L’avvocato cortonese Coltellini (1720-1810) era stato
nominato accademico Linceo nel 1750. Fu dotto e polemico
corrispondente di Bianchi. Giovanni Lami, direttore delle
«Novelle letterarie» fiorentine, lo classificò in una lettera allo
stesso Bianchi come «un birro, ed una spia, che non posso
patire». Nel 1757 Coltellini farà ascrivere Bianchi all’Accademia
cortonese di Botanica e Storia Naturale, della quale era
segretario.
4. ERUDITI E MALDICENTI
1756, CONTESTATA LA RIAPERTURA DEGLI AVELLI NEL TEMPIO
In cerca di notizie
Righini con Garampi non usa la stessa «sincerità» e non
ricorda tutto «il vero». Tralascia la visita fatta il 22 luglio
all’Arca degli Antenati. Cita solamente la seconda esplorazione
dell’Arca, svolta il 16 agosto dopo quella nella tomba d’Isotta. In
quest’occasione nell’Arca si vede soltanto un mucchio d’ossa
confuse fra gli stracci, grazie all’imperizia di quel muratore
pasticcione.
Righini sa poco o nulla della storia illustre della chiesa di
cui è custode. Lo dimostra quando, nella stessa missiva, chiede
a Garampi di suggerirgli «qualche notizia particolare» attorno «a
questo nostro Tempio», da inserire «nella rozza composizione»

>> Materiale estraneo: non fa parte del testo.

lemma l2_inner_le_weighted:
  assumes "r \<in> l2_real" "s \<in> l2_real" "C > 0"
  shows "l2_inner r s \<le> (C * l2_inner r r + l2_inner s s / C) / 2"
proof -
  have "(\<lambda>k. (C * (r k * r k) + s k * s k / C) / 2) sums ((C * l2_inner r r + l2_inner s s / C) / 2)"
    unfolding l2_inner_def using assms
    by (intro sums_divide sums_add sums_mult summable_sums l2_real_summable_mult)
  moreover have "r k * s k \<le> (C * (r k * r k) + s k * s k / C) / 2" for k
  proof -
    have "0 \<le> (C * r k - s k)\<^sup>2 / C" using assms(3) by simp
    then show ?thesis using assms(3) by (simp add: power2_diff field_simps power2_eq_square)
  qed
  ultimately show ?thesis
    unfolding l2_inner_def
    by (intro sums_le[OF _ summable_sums[OF l2_real_summable_mult[OF assms(1,2)]]]) auto
qed

lemma summable_not_eventually_ge_harmonic:
  assumes "summable h" "eps > 0"
  shows "\<not> eventually (\<lambda>n. eps \<le> real (Suc n) * h n) sequentially"
proof
  assume ev: "eventually (\<lambda>n. eps \<le> real (Suc n) * h n) sequentially"
  have "summable (\<lambda>n. eps / real (Suc n))"
  proof (rule summable_comparison_test_ev[OF _ assms(1)])
    show "\<forall>\<^sub>F n in sequentially. norm (eps / real (Suc n)) \<le> h n"
      using ev by eventually_elim (use assms(2) in \<open>auto simp: field_simps\<close>)
  qed
  then have "summable (\<lambda>n. (1 / eps) * (eps / real (Suc n)))"
    by (rule summable_mult)
  then have "summable (\<lambda>n. inverse (real (Suc n)))"
    using assms(2) by (simp add: field_simps)
  then show False
    using not_summable_harmonic[where 'a=real] summable_Suc_iff by blast
qed

lemma harm_unbounded: "\<exists>N>0. B < (harm N :: real)"
proof -
  have "eventually (\<lambda>N. B + 1 \<le> harm N \<and> 0 < N) sequentially"
    using harm_at_top eventually_gt_at_top[of 0] unfolding filterlim_at_top
    by (intro eventually_conj) auto
  then obtain N where "\<forall>n\<ge>N. B + 1 \<le> harm n \<and> 0 < n"
    unfolding eventually_sequentially by blast
  then show ?thesis by (intro exI[of _ N]) auto
qed

section \<open>Jacobi operators on real sequences\<close>

definition jacobi_real ::
  "(nat \<Rightarrow> real) \<Rightarrow> (nat \<Rightarrow> real) \<Rightarrow> (nat \<Rightarrow> real) \<Rightarrow> nat \<Rightarrow> real" where
  "jacobi_real q lam r k =
     (if k = 0 then q 0 * r 0 + lam 0 * r 1
      else lam (k - 1) * r (k - 1) + q k * r k + lam k * r (k + 1))"

definition jacobi_dom_real :: "(nat \<Rightarrow> real) \<Rightarrow> (nat \<Rightarrow> real) \<Rightarrow> (nat \<Rightarrow> real) set" where
  "jacobi_dom_real q lam = {r \<in> l2_real. jacobi_real q lam r \<in> l2_real}"

lemma Re_jacobi_apply: "Re (jacobi_apply q lam u k) = jacobi_real q lam (\<lambda>k. Re (u k)) k"
  by (simp add: jacobi_apply_def jacobi_real_def)

lemma jacobi_real_lincomb:
  "jacobi_real q lam (\<lambda>k. a * r k + b * s k)
     = (\<lambda>k. a * jacobi_real q lam r k + b * jacobi_real q lam s k)"
  by (rule ext) (simp add: jacobi_real_def algebra_simps)

lemma jacobi_dom_real_lincomb:
  assumes "r \<in> jacobi_dom_real q lam" "s \<in> jacobi_dom_real q lam"
  shows "(\<lambda>k. a * r k + b * s k) \<in> jacobi_dom_real q lam"
  using assms by (simp add: jacobi_dom_real_def jacobi_real_lincomb l2_real_lincomb)

lemma jacobi_real_partial_sum_antisym:
  "(\<Sum>k<Suc N. jacobi_real q lam r k * s k - r k * jacobi_real q lam s k)
     = lam N * (r (Suc N) * s N - s (Suc N) * r N)"
proof (induction N)
  case (Suc N)
  show ?case
    by (subst sum.lessThan_Suc, subst Suc) (simp add: jacobi_real_def algebra_simps)
qed (simp add: jacobi_real_def algebra_simps)

text \<open>The boundary term of the partial sums is at most \<open>O(N)\<close> times a summable sequence,
  so it can only tend to \<open>0\<close>: the harmonic series diverges.\<close>
lemma jacobi_real_symmetric:
  assumes lam: "\<And>k. \<bar>lam k\<bar> \<le> B * real (Suc k)"
    and r: "r \<in> jacobi_dom_real q lam" and s: "s \<in> jacobi_dom_real q lam"
  shows "l2_inner (jacobi_real q lam r) s = l2_inner r (jacobi_real q lam s)"
proof (rule ccontr)
  define L where "L = l2_inner (jacobi_real q lam r) s - l2_inner r (jacobi_real q lam s)"
  assume "l2_inner (jacobi_real q lam r) s \<noteq> l2_inner r (jacobi_real q lam s)"
  then have L: "L \<noteq> 0" by (simp add: L_def)
  have "(\<lambda>k. jacobi_real q lam r k * s k - r k * jacobi_real q lam s k) sums L"
    using r s unfolding L_def l2_inner_def jacobi_dom_real_def
    by (intro sums_diff summable_sums l2_real_summable_mult) auto
  then have "(\<lambda>n. \<Sum>k<Suc n. jacobi_real q lam r k * s k - r k * jacobi_real q lam s k)
      \<longlonglongrightarrow> L"
    unfolding sums_def by (rule LIMSEQ_Suc)
  then have boundary: "(\<lambda>n. lam n * (r (Suc n) * s n - s (Suc n) * r n)) \<longlonglongrightarrow> L"
    by (simp only: jacobi_real_partial_sum_antisym)
  define h where "h n = B * (((r (Suc n))\<^sup>2 + (s n)\<^sup>2 + (s (Suc n))\<^sup>2 + (r n)\<^sup>2) / 2)" for n
  have "summable (\<lambda>k. (r k)\<^sup>2)" "summable (\<lambda>k. (s k)\<^sup>2)"
    using r s by (auto simp: jacobi_dom_real_def l2_real_def)
  then have h: "summable h"
    unfolding h_def using summable_Suc_iff[of "\<lambda>k. (r k)\<^sup>2"] summable_Suc_iff[of "\<lambda>k. (s k)\<^sup>2"]
    by (intro summable_mult summable_divide summable_add) auto
  have "eventually (\<lambda>n. \<bar>L\<bar> / 2 < \<bar>lam n * (r (Suc n) * s n - s (Suc n) * r n)\<bar>)
      sequentially"
    using tendsto_rabs[OF boundary] L by (intro order_tendstoD) auto
  then have "eventually (\<lambda>n. \<bar>L\<bar> / 2 \<le> real (Suc n) * h n) sequentially"
  proof eventually_elim
    case (elim n)
    have "\<bar>r (Suc n) * s n - s (Suc n) * r n\<bar> \<le> \<bar>r (Suc n) * s n\<bar> + \<bar>s (Suc n) * r n\<bar>"
      by simp
    also have "\<dots> \<le> ((r (Suc n))\<^sup>2 + (s n)\<^sup>2 + (s (Suc n))\<^sup>2 + (r n)\<^sup>2) / 2"
      using abs_mult_le_half_sum_squares[of "r (Suc n)" "s n"]
        abs_mult_le_half_sum_squares[of "s (Suc n)" "r n"] by simp
    finally have "\<bar>lam n\<bar> * \<bar>r (Suc n) * s n - s (Suc n) * r n\<bar>
        \<le> B * real (Suc n) * (((r (Suc n))\<^sup>2 + (s n)\<^sup>2 + (s (Suc n))\<^sup>2 + (r n)\<^sup>2) / 2)"
      using lam[of n] by (intro mult_mono) auto
    then show ?case using elim by (simp add: h_def abs_mult mult_ac)
  qed
  then show False
    using summable_not_eventually_ge_harmonic[OF h, of "\<bar>L\<bar> / 2"] L by simp
qed

definition jacobi_truncated_form ::
  "(nat \<Rightarrow> real) \<Rightarrow> (nat \<Rightarrow> real) \<Rightarrow> (nat \<Rightarrow> real) \<Rightarrow> nat \<Rightarrow> real" where
  "jacobi_truncated_form q lam r N =
     (\<Sum>k\<le>N. q k * (r k)\<^sup>2) + 2 * (\<Sum>k<N. lam k * r k * r (Suc k))"

lemma jacobi_real_partial_form:
  "(\<Sum>k<Suc N. jacobi_real q lam r k * r k)
     = jacobi_truncated_form q lam r N + lam N * r N * r (Suc N)"
proof (induction N)
  case (Suc N)
  show ?case
    by (subst sum.lessThan_Suc, subst Suc)
      (simp add: jacobi_real_def jacobi_truncated_form_def power2_eq_square algebra_simps)
qed (simp add: jacobi_real_def jacobi_truncated_form_def power2_eq_square algebra_simps)

lemma jacobi_form_finite_support:
  assumes "\<And>k. M \<le> k \<Longrightarrow> r k = 0"
  shows "r \<in> jacobi_dom_real q lam"
    and "l2_inner (jacobi_real q lam r) r = jacobi_truncated_form q lam r M"
    and "l2_inner r r = (\<Sum>k\<le>M. (r k)\<^sup>2)"
proof -
  have J: "jacobi_real q lam r k = 0" if "Suc M \<le> k" for k
    using that assms[of "k - 1"] assms[of k] assms[of "k + 1"] by (simp add: jacobi_real_def)
  show "r \<in> jacobi_dom_real q lam"
    unfolding jacobi_dom_real_def l2_real_def
    using summable_finite[of "{..<Suc M}" "\<lambda>k. (r k)\<^sup>2"]
      summable_finite[of "{..<Suc M}" "\<lambda>k. (jacobi_real q lam r k)\<^sup>2"]
    by (auto simp: assms J)
  have "l2_inner (jacobi_real q lam r) r = (\<Sum>k<Suc M. jacobi_real q lam r k * r k)"
    unfolding l2_inner_def by (rule suminf_finite) (auto simp: J)
  also have "\<dots> = jacobi_truncated_form q lam r M"
    using jacobi_real_partial_form[of q lam r M] assms[of "Suc M"] by simp
  finally show "l2_inner (jacobi_real q lam r) r = jacobi_truncated_form q lam r M" .
  show "l2_inner r r = (\<Sum>k\<le>M. (r k)\<^sup>2)"
    unfolding l2_inner_def power2_eq_square lessThan_Suc_atMost[symmetric]
    by (rule suminf_finite) (auto simp: assms)
qed

lemma quadratic_step_lower_bound:
  fixes c c' x y n :: real
  assumes "\<bar>c\<bar> + \<bar>c'\<bar> \<le> 1" "0 \<le> n"
  shows "\<bar>c'\<bar> * (n + 2) * y\<^sup>2 \<le> \<bar>c\<bar> * (n + 1) * x\<^sup>2 + 2 * (c * (n + 1)) * x * y + (n + 2) * y\<^sup>2"
proof -
  have square: "\<bar>c\<bar> * (n + 1) * x\<^sup>2 + 2 * (c * (n + 1)) * x * y + \<bar>c\<bar> * (n + 2) * y\<^sup>2
      = (n + 1) * (\<bar>c\<bar> * (x + sgn c * y)\<^sup>2) + \<bar>c\<bar> * y\<^sup>2"
    by (cases "c > 0"; cases "c = 0") (auto simp: power2_eq_square algebra_simps)
  have "\<bar>c'\<bar> * (n + 2) * y\<^sup>2 \<le> (1 - \<bar>c\<bar>) * (n + 2) * y\<^sup>2"
    using assms by (intro mult_right_mono) auto
  moreover have "0 \<le> (n + 1) * (\<bar>c\<bar> * (x + sgn c * y)\<^sup>2) + \<bar>c\<bar> * y\<^sup>2"
    using assms(2) by simp
  ultimately show ?thesis
    using square by (simp add: algebra_simps)
qed

lemma jacobi_truncated_form_lower_bound:
  assumes c: "\<And>k. \<bar>c k\<bar> + \<bar>c (Suc k)\<bar> \<le> 1"
  shows "\<bar>c N\<bar> * real (N + 1) * (r N)\<^sup>2
    \<le> jacobi_truncated_form (\<lambda>k. real (k + 1)) (\<lambda>k. c k * real (k + 1)) r N"
proof (induction N)
  case 0
  have "\<bar>c 0\<bar> \<le> 1" using c[of 0] by simp
  then show ?case
    using mult_right_mono[of "\<bar>c 0\<bar>" 1 "(r 0)\<^sup>2"] by (simp add: jacobi_truncated_form_def)
next
  case (Suc N)
  have "jacobi_truncated_form (\<lambda>k. real (k + 1)) (\<lambda>k. c k * real (k + 1)) r (Suc N)
      = jacobi_truncated_form (\<lambda>k. real (k + 1)) (\<lambda>k. c k * real (k + 1)) r N
        + 2 * (c N * (real N + 1)) * r N * r (Suc N) + (real N + 2) * (r (Suc N))\<^sup>2"
    by (simp add: jacobi_truncated_form_def algebra_simps)
  moreover have "\<bar>c (Suc N)\<bar> * (real N + 2) * (r (Suc N))\<^sup>2
      \<le> \<bar>c N\<bar> * (real N + 1) * (r N)\<^sup>2 + 2 * (c N * (real N + 1)) * r N * r (Suc N)
        + (real N + 2) * (r (Suc N))\<^sup>2"
    using c by (intro quadratic_step_lower_bound) auto
  ultimately show ?case
    using Suc by (simp add: add.commute)
qed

che gli è stata richiesta, ovvero una storia del Malatestiano. Un
suo compagno d’avventura, il filosofo e naturalista Giovanni
Antonio Battarra, scriverà in una «Lettera» a stampa (Milano,
1757) che in città attorno alle tombe del Tempio correvano due
opposte opinioni. C’era chi, seguendo la tesi di Giuseppe
Malatesta Garuffi (1655-1727), riteneva che nella maggior
parte di esse vi fossero le ceneri dei ‘titolari’. Altri invece
sostenevano che fossero vuote. Righini, secondo Battarra, si era
mosso «per decidere chi dei due partiti avesse ragione».